Graham also mentioned a great benefit to marketplaces, that being “the ROI is completely clear”. This is because you know the details in advance, such as which payment services provider will be used and what the marketplace fees will be. Therefore, it’s very easy to model the strategy and determine whether it is going to be worthwhile for you, before you even go live on a marketplace.

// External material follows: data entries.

primrec perceptron ::
  "real \<Rightarrow> ('a::euclidean_space \<Rightarrow> real) \<Rightarrow> ('a \<times> real) set \<Rightarrow> real \<Rightarrow> (nat \<Rightarrow> 'a) \<Rightarrow> nat \<Rightarrow> 'a \<times> real"
where
  "perceptron c lab L \<gamma> A 0 = (0, 0)"
| "perceptron c lab L \<gamma> A (Suc t) =
     (let q = perceptron c lab L \<gamma> A t;
          z = (if is_mistake c lab (A t) q
               then q + (\<gamma> * lab (A t)) *\<^sub>R (proxy c lab (A t) (fst q) (snd q), 1)
               else q)
      in proj_set L z)"

definition mistakes ::
  "real \<Rightarrow> ('a::euclidean_space \<Rightarrow> real) \<Rightarrow> ('a \<times> real) set \<Rightarrow> real \<Rightarrow> (nat \<Rightarrow> 'a) \<Rightarrow> nat \<Rightarrow> nat set"
where
  "mistakes c lab L \<gamma> A T = {t \<in> {0..T}. is_mistake c lab (A t) (perceptron c lab L \<gamma> A t)}"

definition margin_dir :: "'a::euclidean_space set \<Rightarrow> ('a \<Rightarrow> real) \<Rightarrow> 'a \<Rightarrow> real" where
  "margin_dir Ag lab y = (INF A\<in>Ag. lab A * (y \<bullet> A) / norm y)"

end

theory Submission imports Defs begin

text \<open>On a mistake the proxy point \<open>s\<^sub>t\<close> never lies strictly on the correct side of the
  current hyperplane, \<open>\<ell>\<^sub>t y\<^sub>t \<bullet> s\<^sub>t \<le> 0\<close>: an agent able to move reaches the boundary and is
  predicted positive, so the only mistakes among movers are negatives, whose proxy is their
  projection onto the hyperplane. Hence the intercept-free update \<open>y\<^sub>t\<^sub>+\<^sub>1 = y\<^sub>t + \<ell>\<^sub>t s\<^sub>t\<close>
  behaves like Novikoff's perceptron on the points \<open>s\<^sub>t\<close>: each mistake adds at most
  \<open>(D + 2/c)\<^sup>2\<close> to \<open>\<parallel>y\<^sub>t\<parallel>\<^sup>2\<close> and at least \<open>d\<^sub>* \<parallel>y\<^sub>*\<parallel>\<close> to \<open>y\<^sub>* \<bullet> y\<^sub>t\<close>, because moving an
  agent along \<open>y\<^sub>t\<close> only increases \<open>\<ell> y\<^sub>* \<bullet> A\<close> once \<open>y\<^sub>* \<bullet> y\<^sub>t \<ge> 0\<close>, which holds inductively.
  The same margin inequality makes every hinge term vanish, and Cauchy--Schwarz bounds the
  number of mistakes.\<close>

lemma proj_set_hyperplane:
  "proj_set {(y::'a::euclidean_space, b::real). b = 0} z = (fst z, 0)"
proof -
  let ?L = "{(y::'a, b::real). b = 0}"
  have dist_eq: "dist z p = sqrt ((dist (fst z) (fst p))\<^sup>2 + (dist (snd z) (snd p))\<^sup>2)" for p
    by (metis dist_Pair_Pair prod.collapse)
  show ?thesis unfolding proj_set_def
  proof (rule someI2[where a="(fst z, 0)"])
    show "(fst z, 0) \<in> ?L \<and> (\<forall>w\<in>?L. dist z (fst z, 0) \<le> dist z w)"
      by (auto simp: dist_eq)
  next
    fix p assume p: "p \<in> ?L \<and> (\<forall>w\<in>?L. dist z p \<le> dist z w)"
    then have snd_p: "snd p = 0" by auto
    have "dist z p \<le> dist z (fst z, 0)" using p by auto
    then have "sqrt ((dist (fst z) (fst p))\<^sup>2 + (snd z)\<^sup>2) \<le> sqrt ((snd z)\<^sup>2)"
      by (simp add: dist_eq snd_p dist_real_def)
    then have "(dist (fst z) (fst p))\<^sup>2 + (snd z)\<^sup>2 \<le> (snd z)\<^sup>2"
      using real_sqrt_le_iff by blast
    then have "fst p = fst z" by simp
    then show "p = (fst z, 0)" using snd_p by (metis prod.collapse)
  qed
qed

lemma snd_perceptron_hyperplane: "snd (perceptron c lab {(y, b). b = 0} 1 A t) = 0"
  by (cases t) (simp_all add: proj_set_hyperplane Let_def)

lemma mistake_imp_proxy_misclassified:
  fixes A y :: "'a::euclidean_space"
  assumes c: "c > 0" and l: "lab A = 1 \<or> lab A = -1"
    and mistake: "is_mistake c lab A (y, b)"
  shows "lab A * (y \<bullet> proxy c lab A y b + b) \<le> 0"
proof (cases "y = 0")
  case True
  then show ?thesis
    using mistake l
    by (auto simp: proxy_def is_mistake_def pred_label_def resp_def sgn0_def split: if_splits)
next
  case False
  define \<alpha> where "\<alpha> = (y \<bullet> A + b) / norm y"
  have ny: "norm y > 0" using False by simp
  have yv: "y \<bullet> vdir y = norm y"
    using False by (simp add: vdir_def power2_norm_eq_inner[symmetric] power2_eq_square)
  have yA: "y \<bullet> A + b = \<alpha> * norm y" using ny by (simp add: \<alpha>_def)
  let ?pred = "pred_label c (resp c A y b) y b"
  consider (moved) "0 \<le> \<alpha>" "\<alpha> < 2 / c" | (neg) "\<alpha> < 0" | (far) "2 / c \<le> \<alpha>" by linarith
  then show ?thesis
  proof cases
    case moved
    \<comment> \<open>the agent moves exactly onto the decision boundary and is classified positive\<close>
    have "resp c A y b = A + (2 / c - \<alpha>) *\<^sub>R vdir y"
      using moved False by (simp add: resp_def \<alpha>_def)
    then have "y \<bullet> resp c A y b = y \<bullet> A + (2 / c - \<alpha>) * norm y"
      by (simp add: inner_add_right yv)
    then have "y \<bullet> resp c A y b + b - 2 * norm y / c = 0"
      using yA by (simp add: algebra_simps)
    then have "?pred = 1" by (simp add: pred_label_def sgn0_def)
    then have "lab A = -1" using mistake l by (auto simp: is_mistake_def)
    moreover have "proxy c lab A y b = A - \<alpha> *\<^sub>R vdir y"
      using moved False \<open>lab A = -1\<close> by (simp add: proxy_def \<alpha>_def)
    ultimately show ?thesis using yA by (simp add: inner_diff_right yv)
  next
    case neg
    have stays: "resp c A y b = A" "proxy c lab A y b = A"
      using neg by (auto simp: resp_def proxy_def \<alpha>_def)
    have "\<alpha> * norm y < 0" using neg ny by (simp add: mult_neg_pos)
    moreover have "2 * norm y / c > 0" using ny c by simp
    ultimately have "?pred = -1" using yA by (simp add: pred_label_def stays sgn0_def)
    then have "lab A = 1" using mistake l by (auto simp: is_mistake_def)
    then show ?thesis using stays yA \<open>\<alpha> * norm y < 0\<close> by simp
  next
    case far
    have stays: "resp c A y b = A" "proxy c lab A y b = A"
      using far c by (auto simp: resp_def proxy_def \<alpha>_def)
    have "2 / c * norm y \<le> \<alpha> * norm y"
      using far ny mult_right_mono[of "2 / c" \<alpha> "norm y"] by linarith
    then have "?pred = 1" using yA by (simp add: pred_label_def stays sgn0_def)
    then have "lab A = -1" using mistake l by (auto simp: is_mistake_def)
    moreover have "0 \<le> \<alpha> * norm y"
      using far c ny by (simp add: order_trans[OF _ far])
    ultimately show ?thesis using stays yA by simp
  qed
qed

lemma norm_proxy_le:
  fixes A y :: "'a::euclidean_space"
  assumes "c > 0"
  shows "norm (proxy c lab A y b) \<le> norm A + 2 / c"
proof -
  have "norm (k *\<^sub>R vdir y) \<le> \<bar>k\<bar>" for k
    by (simp add: vdir_def mult_left_le)
  then have "norm (A + k *\<^sub>R vdir y) \<le> norm A + \<bar>k\<bar>" "norm (A - k *\<^sub>R vdir y) \<le> norm A + \<bar>k\<bar>"
    for k by (meson add_left_mono norm_triangle_ineq order_trans norm_triangle_ineq4)+
  then show ?thesis using assms unfolding proxy_def
    by (auto intro!: order_trans[OF \<open>norm (A + _ *\<^sub>R vdir y) \<le> _\<close>]
                     order_trans[OF \<open>norm (A - _ *\<^sub>R vdir y) \<le> _\<close>])
qed
(* Let $\lambda \geq 0$, $0\leq \beta<1$ and $m \in \mathbb{N}$. Let $f(z)=z+\sum_{k=1}^{\infty} a_{mk+1}z^{mk+1}$ belong to $\Theta_{\Sigma_m}(1,\lambda,0,0;\beta)$ (the case $\tau=1$, $\gamma=\delta=0$). Then $$|a_{m+1}| \leq \min\left\{\frac{2(1-\beta)}{1+m\lambda},\ 2\sqrt{\frac{1-\beta}{(m+1)(1+2m\lambda)}}\right\}\quad\text{and}\quad |a_{2m+1}| \leq \frac{2(1-\beta)}{1+2m\lambda}.$$
   Context: Let $\mathbb{U}=\{z\in\mathbb{C}:|z|<1\}$ and $m\in\mathbb{N}$. $\mathcal{A}_m$ denotes the class of functions analytic in $\mathbb{U}$ of the form $f(z)=z+\sum_{k=1}^{\infty}a_{mk+1}z^{mk+1}$. $\Sigma_m$ denotes the class of $m$-fold symmetric bi-univalent functions: functions $f\in\mathcal{A}_m$ univalent in $\mathbb{U}$ whose inverse $f^{-1}$ extends to a univalent function $g$ on $\mathbb{U}$; this $g$ has the expansion $g(w)=w-a_{m+1}w^{m+1}+\left[(m+1)a_{m+1}^2-a_{2m+1}\right]w^{2m+1}-\cdots$. For $\delta\in\mathbb{N}_0$ and $h(z)=z+\sum_{k\ge1}c_{mk+1}z^{mk+1}$ analytic in $\mathbb{U}$, the $m$-fold Ruscheweyh derivative is $\mathcal{R}^\delta h(z)=z+\sum_{k=1}^{\infty}\frac{\Gamma(\delta+k+1)}{\Gamma(k+1)\Gamma(\delta+1)}c_{mk+1}z^{mk+1}$ (for $\delta=0$ it is the identity). For such $h$ and parameters $\lambda,\gamma,\tau\neq0,\delta$, put $$J_h(z)=1+\frac{1}{\tau}\Big[(1-\lambda)(1-\gamma)\frac{\mathcal{R}^\delta h(z)}{z}+(\lambda(\gamma+1)+\gamma)(\mathcal{R}^\delta h)'(z)+\lambda\gamma\big(z(\mathcal{R}^\delta h)''(z)-2\big)-1\Big].$$ For $0\le\beta<1$, $\Theta_{\Sigma_m}(\tau,\lambda,\gamma,\delta;\beta)$ is the set of $f\in\Sigma_m$ such that $\operatorname{Re}J_f(z)>\beta$ for all $z\in\mathbb{U}$ and $\operatorname{Re}J_g(w)>\beta$ for all $w\in\mathbb{U}$, where $g$ is the extension of $f^{-1}$ to $\mathbb{U}$. *)

theory Defs
  imports "HOL-Complex_Analysis.Complex_Analysis"
begin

Barney also believes in marketplaces as an effective strategy, particularly merchant of record solutions. With this, a big advantage is that you are able to access all sorts of great marketplaces, allowing you to “tap into audiences you might not have considered before, which can be highly lucrative”. All in all, it’s a very low risk, light technical way to access new consumers and give you the data you need in order to create a more informed go-to-market strategy.
2021 and Beyond
In summary, we’ve seen the Coronavirus pandemic accelerate a change in retail that was already occurring – namely this big shift from traditional bricks-and-mortar into the online space. This has brought around several challenges both for online businesses, as well as physical retailers. For the latter, there are some questions surrounding how to utilise their existing bricks-and-mortar estates and evolve digitally. On the other hand, the former faces challenges such as a rise in consumer expectations, with shoppers demanding an increasingly comprehensive online experience. However, we’ve also established this is a great opportunity for brands to adapt and grow to the new circumstances we’re experiencing. Adopting marketplaces as a low-cost and effective way to access new audiences could be a great solution to allow brands to reach new markets – the key is to really evolve and move with the times, or risk being left behind.